About this exercise » Scan the material below and count each line with the string "qconj". Reply with the count alone.

Records for processing »
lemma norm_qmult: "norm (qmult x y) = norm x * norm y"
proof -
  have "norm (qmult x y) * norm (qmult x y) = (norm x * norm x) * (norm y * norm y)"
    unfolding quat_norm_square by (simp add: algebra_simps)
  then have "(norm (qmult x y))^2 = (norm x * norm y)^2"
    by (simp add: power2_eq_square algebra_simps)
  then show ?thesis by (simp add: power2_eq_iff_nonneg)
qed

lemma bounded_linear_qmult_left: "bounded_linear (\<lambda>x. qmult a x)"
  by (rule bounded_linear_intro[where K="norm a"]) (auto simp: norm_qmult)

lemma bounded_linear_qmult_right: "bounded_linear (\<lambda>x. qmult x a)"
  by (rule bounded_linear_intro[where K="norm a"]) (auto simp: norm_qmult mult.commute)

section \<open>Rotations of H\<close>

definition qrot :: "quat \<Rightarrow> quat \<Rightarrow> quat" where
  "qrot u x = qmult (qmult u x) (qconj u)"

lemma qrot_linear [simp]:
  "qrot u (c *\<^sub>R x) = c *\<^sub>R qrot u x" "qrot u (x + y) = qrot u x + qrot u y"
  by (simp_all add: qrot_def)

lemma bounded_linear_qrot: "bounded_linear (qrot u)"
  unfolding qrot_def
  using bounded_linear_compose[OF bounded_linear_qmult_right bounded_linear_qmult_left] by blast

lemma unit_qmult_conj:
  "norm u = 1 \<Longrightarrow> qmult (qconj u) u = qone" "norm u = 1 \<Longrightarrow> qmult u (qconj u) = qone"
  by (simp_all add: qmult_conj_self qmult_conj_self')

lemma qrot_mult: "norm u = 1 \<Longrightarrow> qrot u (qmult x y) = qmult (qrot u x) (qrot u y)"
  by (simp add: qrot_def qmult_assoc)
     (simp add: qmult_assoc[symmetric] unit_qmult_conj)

Written solution » 2